Origens históricas do redescobrimento da doutrina
Lutero nasceu em 10 de novembro de 1483, na vila de Eisleben, na Saxônia, Alemanha. Seu pai, Hans Luder, era minerador de prata e sua mãe, Margarethe, uma católica romana fervorosa, embora bastante supersticiosa. Seu pai tudo fez para que Lutero seguisse a carreira jurídica, dando-lhe a melhor educação possível.
Tudo estava como planejado pelo velho Hans. Chegara o momento de ingressar no curso de direito e mesmo Lutero tinha a intenção de tornar-se advogado. Mas, em um certo dia de 1505, durante uma tempestade, ele foi atingido por um raio e, lançado ao chão, clamou por Santa Ana, a padroeira dos mineiros: “Santa Ana, salve-me! E me tornarei monge”. Para a completa insatisfação dos pais, Lutero manteve a promessa e no dia 17 de julho de 1505, com 22 anos, ingressou no convento dos monges agostinianos. Em 1507, Lutero foi ordenado sacerdote na Catedral de Santa Maria e, em 1508, seu superior, Johann von Staupitz, o compeliu a tornar-se doutor em teologia, grau que colou em 1512.
Em 1512, começou a preparar-se para fazer uma série de preleções na Universidade de Wittenberg. Entre 1513 e 1515, deu aulas sobre os Salmos; entre o fim de 1515 e 1517, lecionou sobre Romanos, Gálatas e Hebreus; e, entre 1518 e 1519, sobre os Salmos outra vez. As preleções sobre Romanos iniciaram em novembro de 1515, aulas que perduraram até setembro de 1516. Foi nesse período que compreendeu a doutrina paulina da justificação pela fé somente, a partir da leitura de Romanos 1:17: “visto que a justiça de Deus se revela no evangelho, de fé em fé, como está escrito: ‘o justo viverá por fé’”.
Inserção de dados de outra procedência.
(* Let $n\ge2$ and let $A\in\mathbb{R}^{n\times n}$ be conditionally negative definite. Let $\overline{A}=\frac12(A+A^T)$ and let $\lambda_2$ be the second largest eigenvalue (counting multiplicity) of $$D=\overline{A}-\frac1n\overline{A}\mathbf{1}\mathbf{1}^T-\frac1n\mathbf{1}\mathbf{1}^T\overline{A}+\frac{\mathbf{1}^TA\mathbf{1}}{n^2}\mathbf{1}\mathbf{1}^T.$$ Then $$\max_{\mathbf{x}\in\mathbb{R}^n,\ \mathbf{x}^T\mathbf{1}=0,\ \mathbf{x}\ne\mathbf{0}}\frac{\mathbf{x}^TA\mathbf{x}}{\mathbf{x}^T\mathbf{x}}=\lambda_2<0.$$
   Context: $\mathbf{1}\in\mathbb{R}^n$ is the all-ones vector. $A$ is conditionally negative definite if $\mathbf{y}^TA\mathbf{y}<0$ for all nonzero $\mathbf{y}\in\mathbb{R}^n$ with $\mathbf{1}^T\mathbf{y}=0$. *)

theory Defs
  imports "Jordan_Normal_Form.Char_Poly" "HOL-Library.Multiset"
begin

definition ones_vec :: "nat \<Rightarrow> real vec" where
  "ones_vec n = vec n (\<lambda>_. 1)"

definition ones_mat :: "nat \<Rightarrow> real mat" where
  "ones_mat n = mat n n (\<lambda>_. 1)"

definition cond_neg_def :: "nat \<Rightarrow> real mat \<Rightarrow> bool" where
  "cond_neg_def n A \<longleftrightarrow> (\<forall>y \<in> carrier_vec n.
      ones_vec n \<bullet> y = 0 \<and> y \<noteq> 0\<^sub>v n \<longrightarrow> y \<bullet> (A *\<^sub>v y) < 0)"

text \<open>Eigenvalues counted with multiplicity: the roots of the characteristic polynomial,
  listed in decreasing order (for real symmetric matrices these are all n eigenvalues).\<close>
definition eigenvalues_desc :: "real mat \<Rightarrow> real list" where
  "eigenvalues_desc M = rev (sorted_list_of_multiset (proots (char_poly M)))"

end

theory Submission
  imports Defs "HOL-Analysis.Function_Topology"
begin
Ele escreveu o seguinte sobre a “experiência da torre” (como é chamada, por ter ocorrido na torre do Castelo Negro de Wittenberg): “Ansiava muito por compreender a Epístola de Paulo aos Romanos, e nada me impedia o caminho, senão a expressão “a justiça de Deus”, porque a entendia como se referindo àquela justiça pela qual Deus é justo e age com justiça quando pune os injustos… Noite e dia eu refletia até que… captei a verdade de que a justiça de Deus é aquela justiça pela qual, mediante a graça e a pura misericórdia, Ele nos justifica pela fé. Daí em diante, senti-me renascer e atravessar os portais abertos do paraíso. Toda a Escritura ganhou novo significado e, ao passo que antes “a justiça de Deus” me enchia de ódio, agora se me tornava indizivelmente bela e me enchia de maior amor. Esta passagem veio a ser para mim uma porta para o céu”.
A importância da doutrina
A nosso sentir, depois do ensino bíblico da Santíssima Trindade, nenhum outro supera o artigo de fé em questão em termos de importância.
Nas palavras de Lutero,
[a justificação é] o artigo principal da doutrina cristã. Aquele que compreende quão grande é a sua utilidade e majestade, tudo o mais parecerá fútil e se dissipará. Para que Pedro? O que é Paulo? O que é um anjo do céu? O que são todas as criaturas, comparadas ao artigo da justificação? Pois, se conhecemos este artigo, estamos na mais brilhante luz; se não o conhecemos, vivemos nas mais densas trevas. Portanto, se ver este artigo sendo questionado ou posto em jogo, não hesite em resistir a Pedro ou a um anjo do céu, pois este artigo não pode ser suficientemente exaltado.
Também, segundo A. W. Pink,
tão importante considerava o apóstolo Paulo a esta doutrina que, sob a direção do Espírito Santo, a mais sobreexcelente de suas epístolas no Novo Testamento está dedicada a uma completa exposição dela. O eixo sobre o qual gira todo o conteúdo da Epístola aos Romanos é aquela notável expressão: “a justiça de Deus” – comparada com a qual não há nada de maior importância que possa ser encontrado em todas as páginas das Sagradas Escrituras.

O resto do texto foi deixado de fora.